## Instructions for the task
Whenever a line in the data holds the string "list", pull that line out.

## Provided data
lemma sum_members_swap:
  assumes "finite G" and "\<forall>C\<in>G. C \<subseteq> {1..n::nat}"
  shows "(\<Sum>C\<in>G. \<Sum>i\<in>C. h i C) = (\<Sum>i\<in>{1..n}. \<Sum>C\<in>{C\<in>G. i \<in> C}. h i C)"
proof -
  have "(\<Sum>C\<in>G. \<Sum>i\<in>C. h i C) = (\<Sum>C\<in>G. \<Sum>i\<in>{i\<in>{1..n}. i \<in> C}. h i C)"
    using assms(2) by (intro sum.cong refl) force
  also have "\<dots> = (\<Sum>i\<in>{1..n}. \<Sum>C\<in>{C\<in>G. i \<in> C}. h i C)"
    using assms(1) by (intro sum.swap_restrict) auto
  finally show ?thesis .
qed

lemma card_regular_cover:
  assumes "regular_cover n \<tau> c1 G"
  shows "card G * \<tau> = n * c1"
proof -
  have "card G * \<tau> = (\<Sum>C\<in>G. \<Sum>i\<in>C. 1)"
    using assms by (simp add: regular_cover_def)
  also have "\<dots> = (\<Sum>i\<in>{1..n}. \<Sum>C\<in>{C\<in>G. i \<in> C}. 1)"
    using assms by (intro sum_members_swap) (auto simp: regular_cover_def)
  also have "\<dots> = n * c1"
    using assms by (simp add: regular_cover_def)
  finally show ?thesis .
qed

lemma sum_fC_regular_cover:
  assumes "regular_cover n \<tau> c1 G"
  shows "(\<Sum>C\<in>G. fC f C x) = real c1 / real \<tau> * (\<Sum>i\<in>{1..n}. f i x)"
proof -
  have "(\<Sum>C\<in>G. fC f C x) = (\<Sum>C\<in>G. \<Sum>i\<in>C. f i x / real \<tau>)"
    using assms by (intro sum.cong refl) (simp add: regular_cover_def fC_def sum_divide_distrib)
  also have "\<dots> = (\<Sum>i\<in>{1..n}. \<Sum>C\<in>{C\<in>G. i \<in> C}. f i x / real \<tau>)"
    using assms by (intro sum_members_swap) (auto simp: regular_cover_def)
  also have "\<dots> = real c1 / real \<tau> * (\<Sum>i\<in>{1..n}. f i x)"
    using assms by (simp add: regular_cover_def sum_distrib_left)
  finally show ?thesis .
qed

lemma fC_eq_average_regular_cover:
  assumes cover: "regular_cover n \<tau> c1 G" and "\<tau> \<ge> 1" and "c1 \<ge> 1"
  shows "fC f {1..n} x = 1 / real (card G) * (\<Sum>C\<in>G. fC f C x)"
proof (cases "n = 0")
  case True
  then have "G = {}"
    using card_regular_cover[OF cover] cover \<open>\<tau> \<ge> 1\<close> by (simp add: regular_cover_def)
  with True show ?thesis by (simp add: fC_def)
next
  case False
  have "real (card G) * real \<tau> = real n * real c1"
    using card_regular_cover[OF cover] by (metis of_nat_mult)
  with False assms(2,3) show ?thesis
    unfolding sum_fC_regular_cover[OF cover] by (simp add: fC_def field_simps)
qed

lemma LC_le_average_regular_cover:
  assumes smooth: "\<forall>i\<in>{1..n}. \<exists>K. lipschitz_smooth K (f i)"
    and cover: "regular_cover n \<tau> c1 G" and "\<tau> \<ge> 1" and "c1 \<ge> 1"
  shows "LC f {1..n} \<le> 1 / real (card G) * (\<Sum>C\<in>G. LC f C)"
proof -
  have members: "finite G" "\<forall>C\<in>G. C \<subseteq> {1..n}"
    using cover by (auto simp: regular_cover_def)
  have average: "fC f {1..n} = (\<lambda>x. \<Sum>C\<in>G. 1 / real (card G) * fC f C x)"
    by (rule ext) (simp only: fC_eq_average_regular_cover[OF assms(2-4)] sum_distrib_left)
  have "LC f {1..n} \<le> (\<Sum>C\<in>G. 1 / real (card G) * LC f C)"
    unfolding LC_def average using members smooth
    by (intro smooth_const_weighted_sum_le ballI lipschitz_smooth_fC)
      (auto intro: finite_subset)
  then show ?thesis by (simp add: sum_distrib_left)
qed

lemma average_LC_le_LmaxG:
  assumes cover: "regular_cover n \<tau> c1 G" and "G \<noteq> {}" and "\<tau> \<ge> 1" and "c1 \<ge> 1"
  shows "1 / real (card G) * (\<Sum>C\<in>G. LC f C) \<le> LmaxG n f G c1"
proof -
  let ?M = "LmaxG n f G c1"
  have members: "finite G" "\<forall>C\<in>G. C \<subseteq> {1..n} \<and> card C = \<tau>"
    "\<forall>i\<in>{1..n}. card {C\<in>G. i \<in> C} = c1"
    using cover by (auto simp: regular_cover_def)
  have le_M: "1 / real c1 * (\<Sum>C\<in>{C\<in>G. i \<in> C}. LC f C) \<le> ?M" if "i \<in> {1..n}" for i
    unfolding LmaxG_def using that by (intro Max_ge) auto
  have "(\<Sum>C\<in>G. LC f C) = (\<Sum>C\<in>G. \<Sum>i\<in>C. LC f C / real \<tau>)"
    using members(2) \<open>\<tau> \<ge> 1\<close> by (intro sum.cong refl) simp
  also have "\<dots> = (\<Sum>i\<in>{1..n}. \<Sum>C\<in>{C\<in>G. i \<in> C}. LC f C / real \<tau>)"
    using members by (intro sum_members_swap) auto
  also have "\<dots> = (\<Sum>i\<in>{1..n}. real c1 / real \<tau> * (1 / real c1 * (\<Sum>C\<in>{C\<in>G. i \<in> C}. LC f C)))"
    using \<open>c1 \<ge> 1\<close> by (intro sum.cong refl) (simp add: sum_divide_distrib[symmetric])
  also have "\<dots> \<le> (\<Sum>i\<in>{1..n}. real c1 / real \<tau> * ?M)"
    using le_M by (intro sum_mono mult_left_mono) auto
  also have "\<dots> = real (card G) * ?M"
    using card_regular_cover[OF cover] \<open>\<tau> \<ge> 1\<close>
    by (simp add: field_simps flip: of_nat_mult)
  finally have "(\<Sum>C\<in>G. LC f C) \<le> real (card G) * ?M" .
  moreover have "card G > 0"
    using members(1) \<open>G \<noteq> {}\<close> by (simp add: card_gt_0_iff)
  ultimately show ?thesis by (simp add: divide_le_eq mult.commute)
qed

lemma LC_le_Lmax:
  assumes smooth: "\<forall>i\<in>{1..n}. \<exists>K. lipschitz_smooth K (f i)"
    and "C \<subseteq> {1..n}" and "C \<noteq> {}"
  shows "LC f C \<le> Lmax n f"
proof -
  have "finite C" using assms(2) finite_subset by blast
  have "LC f C \<le> (\<Sum>j\<in>C. 1 / real (card C) * LC f {j})"
    using \<open>finite C\<close> assms(2) smooth by (intro LC_le_average_singletons) auto
  also have "\<dots> \<le> (\<Sum>j\<in>C. 1 / real (card C) * Lmax n f)"
    unfolding Lmax_def using assms(2) by (intro sum_mono mult_left_mono Max_ge) auto
  also have "\<dots> = Lmax n f"
    using \<open>finite C\<close> \<open>C \<noteq> {}\<close> by simp
  finally show ?thesis .
qed

text \<open>For \<open>n = 0\<close> both sides are the same junk value \<open>Max {}\<close>.\<close>

lemma LmaxG_le_Lmax:
  assumes smooth: "\<forall>i\<in>{1..n}. \<exists>K. lipschitz_smooth K (f i)"
    and members: "\<forall>C\<in>G. C \<subseteq> {1..n}" and count: "\<forall>i\<in>{1..n}. card {C\<in>G. i \<in> C} = c1"
    and "c1 \<ge> 1"
  shows "LmaxG n f G c1 \<le> Lmax n f"
proof (cases "n = 0")
  case False
  show ?thesis unfolding LmaxG_def
  proof (rule Max.boundedI)
    fix a assume "a \<in> (\<lambda>i. 1 / real c1 * (\<Sum>C\<in>{C\<in>G. i \<in> C}. LC f C)) ` {1..n}"
    then obtain i where i: "i \<in> {1..n}" and a: "a = 1 / real c1 * (\<Sum>C\<in>{C\<in>G. i \<in> C}. LC f C)"
      by blast
    have "(\<Sum>C\<in>{C\<in>G. i \<in> C}. LC f C) \<le> (\<Sum>C\<in>{C\<in>G. i \<in> C}. Lmax n f)"
      using members smooth by (intro sum_mono LC_le_Lmax) auto
    also have "\<dots> = real c1 * Lmax n f"
      using count i by simp
    finally show "a \<le> Lmax n f"
      unfolding a using \<open>c1 \<ge> 1\<close> by (simp add: divide_le_eq mult.commute)
  qed (use False in auto)
qed (simp add: LmaxG_def Lmax_def)
(* Let $\mathcal{S}$ be a set and $T:\bigcup_{n\in\mathbb{N}}\mathcal{S}^n\to\mathbb{R}_{\ge0}$ satisfy $T(AB)\ge T(A)+T(B)$ for all $A,B$ (where $AB$ is concatenation) and $T(s)=0$ for every single element $s\in\mathcal{S}$. Let $\epsilon>0$, $t>0$ and $n\in\mathbb{N}$. Then for every $U\in\mathcal{S}^n$ with $T(U)\le t$, the number of blocks of the partition $P_{U;T,\epsilon}$ produced by the $(T,\epsilon)$ division scheme satisfies $$|P_{U;T,\epsilon}| \leq \log_2(4n)\Big(1+\frac{t}{\epsilon}\Big).$$
   Context: The $(T,\epsilon)$ division scheme applied to $U\in\mathcal{S}^n$: if $T(U)\le\epsilon$, stop and output $U$; otherwise split $U = U_1'U_2'$ into two contiguous parts with $|U_1'| = \lfloor |U|/2\rfloor$ and $|U_2'| = |U|-|U_1'|$. At each subsequent step, every current part $U_i'$ with $T(U_i')>\epsilon$ is split into two almost equal contiguous parts in the same way; repeat until every part has $T\le\epsilon$. The resulting partition of $[n]$ into contiguous blocks is $P_{U;T,\epsilon}$, and $|P_{U;T,\epsilon}|$ is its number of blocks. *)

theory Defs
  imports Complex_Main
begin

text \<open>The result is the list of blocks (contiguous, in order) of the partition
  P_{U;T,eps}. The guard length U \<le> 1 is only needed for termination; under the
  hypotheses of the lemma (T of a singleton is 0, T nonnegative and superadditive, hence
  T of the empty list is 0) it never changes the outcome.\<close>

function division_blocks :: "('a list \<Rightarrow> real) \<Rightarrow> real \<Rightarrow> 'a list \<Rightarrow> 'a list list" where
  "division_blocks T eps U =
     (if T U \<le> eps \<or> length U \<le> 1 then [U]
      else division_blocks T eps (take (length U div 2) U)
           @ division_blocks T eps (drop (length U div 2) U))"
  by pat_completeness auto
termination
  by (relation "measure (\<lambda>(T, eps, U). length U)") auto

end

theory Submission
  imports Defs
begin

text \<open>Each split of a block U with T U > eps at least halves the length (up to rounding) and,
  by superadditivity, distributes T U between the two halves. Measuring a block of length m
  by its remaining depth d m, roughly log2 m, one shows by induction that U yields at most
  1 + d(|U|) T U / eps blocks: the extra block created by a split is paid for by the factor
  T U / eps \<ge> 1 and the loss of one unit of depth.\<close>

definition split_depth :: "nat \<Rightarrow> real" where
  "split_depth m = (if m \<le> 1 then 0 else log 2 (real m - 1) + 1)"

lemma split_depth_nonneg: "split_depth m \<ge> 0"
  unfolding split_depth_def by auto

text \<open>The shift m - 1 absorbs the rounding up of the larger half.\<close>

lemma split_depth_half:
  assumes "m \<ge> 2" and "k \<le> (m + 1) div 2"
  shows "split_depth k + 1 \<le> split_depth m"
proof (cases "k \<le> 1")
  case True
  then show ?thesis using assms by (simp add: split_depth_def)
next
  case False
  then have k: "real k - 1 \<ge> 1" by simp
  have "2 * real k \<le> real m + 1" using assms(2) by linarith
  then have km: "2 * (real k - 1) \<le> real m - 1" by simp
  have "split_depth k + 1 = log 2 (2 * (real k - 1)) + 1"
    using False k log_mult_pos[of 2 "real k - 1" 2] by (simp add: split_depth_def)
  also have "\<dots> \<le> log 2 (real m - 1) + 1"
    using km k by simp
  also have "\<dots> = split_depth m"
    using assms(1) by (simp add: split_depth_def)
  finally show ?thesis .
qed

lemma split_depth_le_log:
  assumes "m \<ge> 1"
  shows "1 + split_depth m \<le> log 2 (4 * real m)"
proof -
  have "log 2 (4 * real m) = 2 + log 2 (real m)"
    using assms by (simp add: log_mult_pos log_pow_cancel[of 2 2, simplified])
  moreover have "log 2 (real m - 1) \<le> log 2 (real m)" if "m \<ge> 2"
    using that by simp
  ultimately show ?thesis
    using assms by (auto simp add: split_depth_def)
qed

lemma length_division_blocks_le:
  assumes nonneg: "\<And>A. T A \<ge> 0"
    and superadd: "\<And>A B. T (A @ B) \<ge> T A + T B"
    and eps_pos: "eps > 0"
  shows "real (length (division_blocks T eps U)) \<le> 1 + split_depth (length U) * T U / eps"
proof (induction "length U" arbitrary: U rule: less_induct)
  case less
  show ?case
  proof (cases "T U \<le> eps \<or> length U \<le> 1")
    case True
    then show ?thesis
      using split_depth_nonneg[of "length U"] nonneg[of U] eps_pos by simp
  next
    case False
    define m where "m = length U"
    define A where "A = take (m div 2) U"
    define B where "B = drop (m div 2) U"
    define d where "d = split_depth m - 1"
    have m: "m \<ge> 2" and TU: "T U / eps \<ge> 1"
      using False eps_pos by (simp_all add: m_def)
    have blocks: "division_blocks T eps U = division_blocks T eps A @ division_blocks T eps B"
      using False by (simp add: A_def B_def m_def)
    have d: "d \<ge> 0"
      using split_depth_half[OF m, of 0] split_depth_nonneg[of 0] by (simp add: d_def)
    have half_bound: "real (length (division_blocks T eps V)) \<le> 1 + d * T V / eps"
      if "length V < m" and "length V \<le> (m + 1) div 2" for V
    proof -
      have "split_depth (length V) \<le> d"
        using split_depth_half[OF m that(2)] by (simp add: d_def)
      then have "split_depth (length V) * T V / eps \<le> d * T V / eps"
        using nonneg[of V] eps_pos by (simp add: divide_right_mono mult_right_mono)
      then show ?thesis
        using less[of V] that(1) by (simp add: m_def)
    qed
    have IA: "real (length (division_blocks T eps A)) \<le> 1 + d * T A / eps"
      by (rule half_bound) (use m in \<open>simp_all add: A_def m_def\<close>)
    have IB: "real (length (division_blocks T eps B)) \<le> 1 + d * T B / eps"
      by (rule half_bound) (use m in \<open>simp_all add: B_def m_def\<close>)
    have "d * (T A + T B) \<le> d * T U"
      using superadd[of A B] d by (simp add: A_def B_def mult_left_mono)
    then have "d * T A / eps + d * T B / eps \<le> d * T U / eps"
      using eps_pos by (simp add: divide_right_mono add_divide_distrib[symmetric] distrib_left)
    then have "real (length (division_blocks T eps U)) \<le> 2 + d * T U / eps"
      using IA IB blocks by simp
    also have "\<dots> \<le> 1 + split_depth m * T U / eps"
      using TU by (simp add: d_def algebra_simps diff_divide_distrib)
    finally show ?thesis by (simp add: m_def)
  qed
qed

theorem lemma5p18:
  fixes T :: "'a list \<Rightarrow> real" and eps t :: real and n :: nat and U :: "'a list"
  assumes nonneg: "\<And>A. T A \<ge> 0"
    and superadd: "\<And>A B. T (A @ B) \<ge> T A + T B"
    and single: "\<And>s. T [s] = 0"
    and eps_pos: "eps > 0" and t_pos: "t > 0"
    and n_pos: "n \<ge> 1"
    and len: "length U = n"
    and TU: "T U \<le> t"
  shows "real (length (division_blocks T eps U)) \<le> log 2 (4 * real n) * (1 + t / eps)"
proof -
  have "real (length (division_blocks T eps U)) \<le> 1 + split_depth n * (T U / eps)"
    using length_division_blocks_le[of T eps U, OF nonneg superadd eps_pos] len by simp
  also have "\<dots> \<le> (1 + split_depth n) * (1 + t / eps)"
  proof -
    have "split_depth n * (T U / eps) \<le> split_depth n * (t / eps)"
      using TU eps_pos split_depth_nonneg[of n] by (simp add: mult_left_mono divide_right_mono)
    moreover have "t / eps \<ge> 0"
      using eps_pos t_pos by simp
    ultimately show ?thesis
      using split_depth_nonneg[of n] by (simp add: algebra_simps)
  qed
  also have "\<dots> \<le> log 2 (4 * real n) * (1 + t / eps)"
    using split_depth_le_log[OF n_pos] eps_pos t_pos by (simp add: mult_right_mono)
  finally show ?thesis .
qed

end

## Written response
text \<open>The result is the list of blocks (contiguous, in order) of the partition
  T of the empty list is 0) it never changes the outcome.\<close>
function division_blocks :: "('a list \<Rightarrow> real) \<Rightarrow> real \<Rightarrow> 'a list \<Rightarrow> 'a list list" where
  fixes T :: "'a list \<Rightarrow> real" and eps t :: real and n :: nat and U :: "'a list"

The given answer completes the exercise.